PowerScale: Collect and MultiScan does not reclaim space on excluded device
Summary: Collect and MultiScan excludes devices from sweep if they go unavailable during the job run.
Symptoms
This KB is only for running, or completed Collect jobs, or MultiScan jobs that ran Collect within them.
Collect is used to free up blocks left on a device while it became unavailable.
MultiScan at times runs both AutoBalance and Collect, to ensure MultiScan ran Collect by checking the job.
# isi job view <jobID#>
During the marking phase of Collect, blocks are marked for later cleanup once it enters the sweep phase.
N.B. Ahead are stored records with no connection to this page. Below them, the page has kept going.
lemma normal_form_rnorm:
  assumes "finite A" and "L \<in> normal_words A"
  shows "normal_form A (rnorm L) = rnorm L"
proof -
  have L: "L \<noteq> []" "distinct L" "set L \<subseteq> A" "last L = anchor (set L)"
    using assms(2) by (auto simp: normal_words_def anchored_def)
  have other_words: "expand_tree (rnorm_tree L) W = 0" if "W \<in> normal_words A - {L}" for W
  proof (rule ccontr)
    assume nonzero: "expand_tree (rnorm_tree L) W \<noteq> 0"
    from expand_tree_support[OF this] have "mset W = mset L"
      using L by (simp add: leaves_rnorm_tree)
    then have "set W = set L" by (metis set_mset_mset)
    then have "last W = last L" using that L by (auto simp: normal_words_def anchored_def)
    then have "expand_tree (rnorm_tree L) W = 0"
      using that L by (subst expand_rnorm_tree) (auto simp: normal_words_def anchored_def)
    with nonzero show False by simp
  qed
  have "normal_form A (rnorm L) = Poly_Mapping.single (rnorm_tree L) (expand_tree (rnorm_tree L) L)
      + (\<Sum>W\<in>normal_words A - {L}.
           Poly_Mapping.single (rnorm_tree W) (expand_tree (rnorm_tree L) W))"
    unfolding normal_form_def using L
    by (simp add: rnorm_eq_frag_of_rnorm_tree expand_frag_of
        sum.remove[OF finite_normal_words[OF assms(1)] assms(2)])
  also have "\<dots> = frag_of (rnorm_tree L)"
    using other_words expand_rnorm_tree[OF L(2,1,1) refl] by simp
  finally show ?thesis using L by (simp add: rnorm_eq_frag_of_rnorm_tree)
qed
In some situations, a device may be excluded from the sweep operation of the job during the mark phase.
This can leave the cluster with imbalanced nodes or drives even after the job has been completed successfully.
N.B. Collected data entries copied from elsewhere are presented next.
(* Let $x\in X$, $n\in \mathbb{Z}^k$ and $a\in \mathbb{R}^k$. (1) If $\phi(T^nx)>0$, then $B_{M/2}(n,1/\phi(T^nx))\subset V(x,n)$, where $B_{M/2}(\cdot)$ denotes the closed Euclidean ball of radius $M/2$ in $\mathbb{R}^{k+1}$. (2) If $W(x,n)$ is non-empty, then $1\leq 1/\phi(T^nx)\leq 2$. (3) If $(a,-H)\in V(x,n)$, i.e. $a\in W(x,n)$, then $|a-n|<L+\sqrt{k}$. (4) Let $s>1$ and $r>0$. One can choose $M$ sufficiently large depending on $s,r$ (and then choose the integer $L\geq M$, the function $\phi$ and the number $H\geq (L+\sqrt{k})^2$ for this $M$ as in the setting described in the context) so that, for all $x\in X$, $n\in\mathbb{Z}^k$, $a\in\mathbb{R}^k$: if $(a,-sH)\in V(x,n)$ then $B_r(a/s+(1-1/s)n)\subset W(x,n)$.
   Context: Let $(X,\mathbb{Z}^k,T)$ be a dynamical system ($X$ a compact metric space with a continuous $\mathbb{Z}^k$-action) having the marker property: for every finite $F\subset\mathbb{Z}^k$ there is an open $U\subset X$ with $X=\bigcup_{n\in\mathbb{Z}^k}T^nU$ and $U\cap T^nU=\emptyset$ for all nonzero $n\in F$. Let $M$ be a positive integer. Fix an integer $L\geq M$ and a continuous function $\phi:X\to[0,1]$ such that: (i) if $\phi(x)>0$ then $\phi(T^nx)=0$ for all nonzero $n\in\mathbb{Z}^k$ with $|n|<M$; (ii) for every $x\in X$ there is $n\in\mathbb{Z}^k$ with $|n|<L$ and $\phi(T^nx)=1$ (such $L,\phi$ exist by the marker property). For $x\in X$ and $n\in\mathbb{Z}^k$ with $\phi(T^nx)\neq 0$, let $V(x,n)\subset\mathbb{R}^{k+1}$ be the Voronoi cell of the center $(n,1/\phi(T^nx))$ with respect to the set of centers $\{(m,1/\phi(T^mx)) : m\in\mathbb{Z}^k,\ \phi(T^mx)\neq0\}$, i.e. the set of $u\in\mathbb{R}^{k+1}$ with $|u-(n,1/\phi(T^nx))|\leq|u-(m,1/\phi(T^mx))|$ for all such $m$ ($|\cdot|$ the Euclidean norm); if $\phi(T^nx)=0$ set $V(x,n)=\emptyset$. Choose a real number $H\geq(L+\sqrt{k})^2$ and let $W(x,n)$ be the projection to the first $k$ coordinates of $V(x,n)\cap(\mathbb{R}^k\times\{-H\})$. Then $\mathbb{R}^k=\bigcup_{n\in\mathbb{Z}^k}W(x,n)$. $B_r(\cdot)$ denotes the closed Euclidean ball of radius $r$. *)

theory Defs
  imports "HOL-Analysis.Analysis"
begin

text \<open>Lattice points of Z^k are modelled as int^'k; zvec embeds them into R^k = real^'k.
  R^(k+1) is modelled as real^'k \<times> real (the product norm is Euclidean).\<close>

definition zvec :: "int^'k \<Rightarrow> real^'k" where
  "zvec n = (\<chi> i. real_of_int (n $ i))"

definition zk_system :: "'a::metric_space set \<Rightarrow> (int^'k \<Rightarrow> 'a \<Rightarrow> 'a) \<Rightarrow> bool" where
  "zk_system X T \<longleftrightarrow> compact X \<and>
     (\<forall>n. T n ` X \<subseteq> X \<and> continuous_on X (T n)) \<and>
     (\<forall>x\<in>X. T 0 x = x) \<and>
     (\<forall>m n. \<forall>x\<in>X. T (m + n) x = T m (T n x))"

definition marker_property :: "'a::metric_space set \<Rightarrow> (int^'k \<Rightarrow> 'a \<Rightarrow> 'a) \<Rightarrow> bool" where
  "marker_property X T \<longleftrightarrow>
     (\<forall>F. finite F \<longrightarrow> (\<exists>U. openin (top_of_set X) U \<and> X = (\<Union>n. T n ` U) \<and>
        (\<forall>n\<in>F. n \<noteq> 0 \<longrightarrow> U \<inter> T n ` U = {})))"

definition good_setting ::
  "'a::metric_space set \<Rightarrow> (int^'k \<Rightarrow> 'a \<Rightarrow> 'a) \<Rightarrow> nat \<Rightarrow> nat \<Rightarrow> ('a \<Rightarrow> real) \<Rightarrow> real \<Rightarrow> bool" where
  "good_setting X T M L \<phi> H \<longleftrightarrow>
     M \<ge> 1 \<and> L \<ge> M \<and> continuous_on X \<phi> \<and> \<phi> ` X \<subseteq> {0..1} \<and>
     (\<forall>x\<in>X. \<phi> x > 0 \<longrightarrow> (\<forall>n. n \<noteq> 0 \<and> norm (zvec n) < real M \<longrightarrow> \<phi> (T n x) = 0)) \<and>
     (\<forall>x\<in>X. \<exists>n. norm (zvec n) < real L \<and> \<phi> (T n x) = 1) \<and>
     H \<ge> (real L + sqrt (real CARD('k)))\<^sup>2"

definition voronoi :: "(int^'k \<Rightarrow> 'a \<Rightarrow> 'a) \<Rightarrow> ('a \<Rightarrow> real) \<Rightarrow> 'a \<Rightarrow> int^'k \<Rightarrow> ((real^'k) \<times> real) set" where
  "voronoi T \<phi> x n =
     (if \<phi> (T n x) = 0 then {}
      else {u. \<forall>m. \<phi> (T m x) \<noteq> 0 \<longrightarrow>
              norm (u - (zvec n, 1 / \<phi> (T n x))) \<le> norm (u - (zvec m, 1 / \<phi> (T m x)))})"

definition wcell :: "(int^'k \<Rightarrow> 'a \<Rightarrow> 'a) \<Rightarrow> ('a \<Rightarrow> real) \<Rightarrow> real \<Rightarrow> 'a \<Rightarrow> int^'k \<Rightarrow> (real^'k) set" where
  "wcell T \<phi> H x n = {a. (a, - H) \<in> voronoi T \<phi> x n}"

end

theory Submission
  imports Defs
begin

text \<open>The marker centres are \<open>M\<close>-separated, so the ball of radius \<open>M/2\<close> about a centre lies in
  its Voronoi cell. If \<open>(a,-h)\<close> with \<open>h \<ge> H\<close> lies in the cell of a centre of height \<open>t \<ge> 1\<close>, compare
  it with a centre of height 1 within distance \<open>L + \<surd>k\<close> of \<open>a\<close>: the vertical terms differ by
  \<open>(t - 1)(2h + t + 1)\<close>, while the horizontal term is below \<open>(L + \<surd>k)\<^sup>2 \<le> h\<close>; this forces \<open>t \<le> 2\<close>
  and makes the own centre horizontally closer to \<open>a\<close>. For (4), cells are convex, so with \<open>(a,-sH)\<close>
  a cell contains the image of the \<open>M/2\<close>-ball about its centre under the homothety with centre
  \<open>(a,-sH)\<close> and ratio \<open>1 - 1/s\<close>; for large \<open>M\<close> this image contains the required ball at height \<open>-H\<close>.\<close>

lemma norm_diff_le_norm_diff_iff_inner:
  fixes c d w :: "'b::real_inner"
  shows "norm (w - c) \<le> norm (w - d) \<longleftrightarrow> inner (2 *\<^sub>R (d - c)) w \<le> inner d d - inner c c"
proof -
  have "norm (w - c) \<le> norm (w - d) \<longleftrightarrow> (norm (w - c))\<^sup>2 \<le> (norm (w - d))\<^sup>2"
    by (simp add: abs_le_square_iff)
  also have "\<dots> \<longleftrightarrow> inner (w - c) (w - c) \<le> inner (w - d) (w - d)"
    by (simp add: power2_norm_eq_inner)
  also have "\<dots> \<longleftrightarrow> inner (2 *\<^sub>R (d - c)) w \<le> inner d d - inner c c"
    by (simp add: inner_diff_left inner_diff_right inner_commute algebra_simps)
  finally show ?thesis .
qed

lemma convex_closer_to:
  fixes c d :: "'b::real_inner"
  shows "convex {w. norm (w - c) \<le> norm (w - d)}"
  unfolding norm_diff_le_norm_diff_iff_inner by (rule convex_halfspace_le)

lemma cball_half_separation_subset_closer:
  fixes c :: "'b::real_normed_vector"
  assumes "\<And>d. d \<in> D \<Longrightarrow> d \<noteq> c \<Longrightarrow> \<delta> \<le> norm (d - c)"
  shows "cball c (\<delta> / 2) \<subseteq> {u. \<forall>d\<in>D. norm (u - c) \<le> norm (u - d)}"
proof (intro subsetI CollectI ballI)
  fix u d assume u: "u \<in> cball c (\<delta> / 2)" and d: "d \<in> D"
  have uc: "norm (u - c) \<le> \<delta> / 2"
    using u by (simp add: dist_norm norm_minus_commute)
  show "norm (u - c) \<le> norm (u - d)"
  proof (cases "d = c")
    case False
    have "\<delta> \<le> norm (d - c)" using assms d False by blast
    also have "\<dots> \<le> norm (u - d) + norm (u - c)"
      using norm_triangle_ineq4[of "u - c" "u - d"] by (simp add: algebra_simps)
    finally show ?thesis using uc by linarith
  qed simp
qed

lemma convex_cball_combination_subset:
  fixes u c :: "'b::real_normed_vector"
  assumes "convex S" "u \<in> S" "cball c \<rho> \<subseteq> S" "0 < \<mu>" "\<mu> \<le> 1"
  shows "cball ((1 - \<mu>) *\<^sub>R u + \<mu> *\<^sub>R c) (\<mu> * \<rho>) \<subseteq> S"
proof
  fix y assume y: "y \<in> cball ((1 - \<mu>) *\<^sub>R u + \<mu> *\<^sub>R c) (\<mu> * \<rho>)"
  define v where "v = c + (1 / \<mu>) *\<^sub>R (y - (1 - \<mu>) *\<^sub>R u - \<mu> *\<^sub>R c)"
  have "norm (y - ((1 - \<mu>) *\<^sub>R u + \<mu> *\<^sub>R c)) \<le> \<mu> * \<rho>"
    using y by (simp add: dist_norm norm_minus_commute)
  then have "norm (y - (1 - \<mu>) *\<^sub>R u - \<mu> *\<^sub>R c) / \<mu> \<le> \<rho>"
    using \<open>0 < \<mu>\<close> by (simp add: pos_divide_le_eq diff_diff_eq mult.commute)
  then have "dist c v \<le> \<rho>"
    using \<open>0 < \<mu>\<close> by (simp add: v_def dist_norm)
  then have "v \<in> S" using assms(3) by auto
  moreover have "y = (1 - \<mu>) *\<^sub>R u + \<mu> *\<^sub>R v"
    using \<open>0 < \<mu>\<close> by (simp add: v_def scaleR_add_right)
  ultimately show "y \<in> S"
    using convexD[OF assms(1,2), of v "1 - \<mu>" \<mu>] assms(5) \<open>0 < \<mu>\<close> by simp
qed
The job cancels if too many drives or nodes are excluded from the job.
Cause
In events of a device going down, or unavailable the job excludes the device from the sweep phase.
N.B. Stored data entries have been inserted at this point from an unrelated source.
(* Let $f$ be a homeomorphism of a compact metric space $(X,d)$ with the shadowing property such that for every $\epsilon>0$ there is $\delta>0$ with: $d(x,y)<\delta$ implies $V^s_\epsilon(x)\cap V^u_\epsilon(y)\ne\emptyset$. Then $f$ has the limit shadowing property.
   Context: Shadowing: for every $\varepsilon>0$ there is $\delta>0$ such that for every sequence $(x_k)_{k\in\mathbb{Z}}$ with $d(f(x_k),x_{k+1})<\delta$ for all $k$ there is $y$ with $d(f^k(y),x_k)<\varepsilon$ for all $k\in\mathbb{Z}$. $W^s_\epsilon(x)=\{y: d(f^n(x),f^n(y))\le\epsilon\ \forall n\ge0\}$, $W^u_\epsilon(x)=\{y: d(f^{-n}(x),f^{-n}(y))\le\epsilon\ \forall n\ge0\}$, $W^s(x)=\{y: d(f^n(x),f^n(y))\to0\ (n\to+\infty)\}$, $W^u(x)=\{y: d(f^{-n}(x),f^{-n}(y))\to0\ (n\to+\infty)\}$, $V^s_\epsilon(x)=W^s(x)\cap W^s_\epsilon(x)$, $V^u_\epsilon(x)=W^u(x)\cap W^u_\epsilon(x)$. $f$ has the limit shadowing property if for every sequence $(x_k)_{k\in\mathbb{N}}$ with $d(f(x_k),x_{k+1})\to0$ as $k\to\infty$ there is $y\in X$ with $d(f^k(y),x_k)\to0$ as $k\to\infty$. *)

theory Defs
  imports "HOL-Analysis.Analysis"
begin

definition finv :: "'a set \<Rightarrow> ('a \<Rightarrow> 'a) \<Rightarrow> 'a \<Rightarrow> 'a" where
  "finv X f = inv_into X f"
This can be from various causes, such as a node reboot, power cycle, node split.
With drives this can happen if a drive stalls or otherwise goes unavailable.
Should a device go unavailable while running Collect or MultiScan the job sets it to bam_nosweep excluded devices list.
When the job enters the sweep phase, it works to sweep any blocks on the devices NOT added to the bam_nosweep excluded list.
This can lead to nodes or drives staying imbalanced with a higher capacity utilization after the job has been completed successfully.
Example 1 shows one devid excluded within the messages log, shown as devid 28.
2025-03-08T22:09:15.238162-08:00 <0.5> EXAMPLE-1(id25) /boot/kernel.amd64/kernel: [bam_nosweep.c:298](pid 63766="isi_job_d")(tid=104229) bam_nosweep_add_devices: Exclude set { devids (1) = [ 28 ], wdls = [] }
Example 2 shows one timestamp of a drive in devid 18 being excluded, followed by a drive in devid 24.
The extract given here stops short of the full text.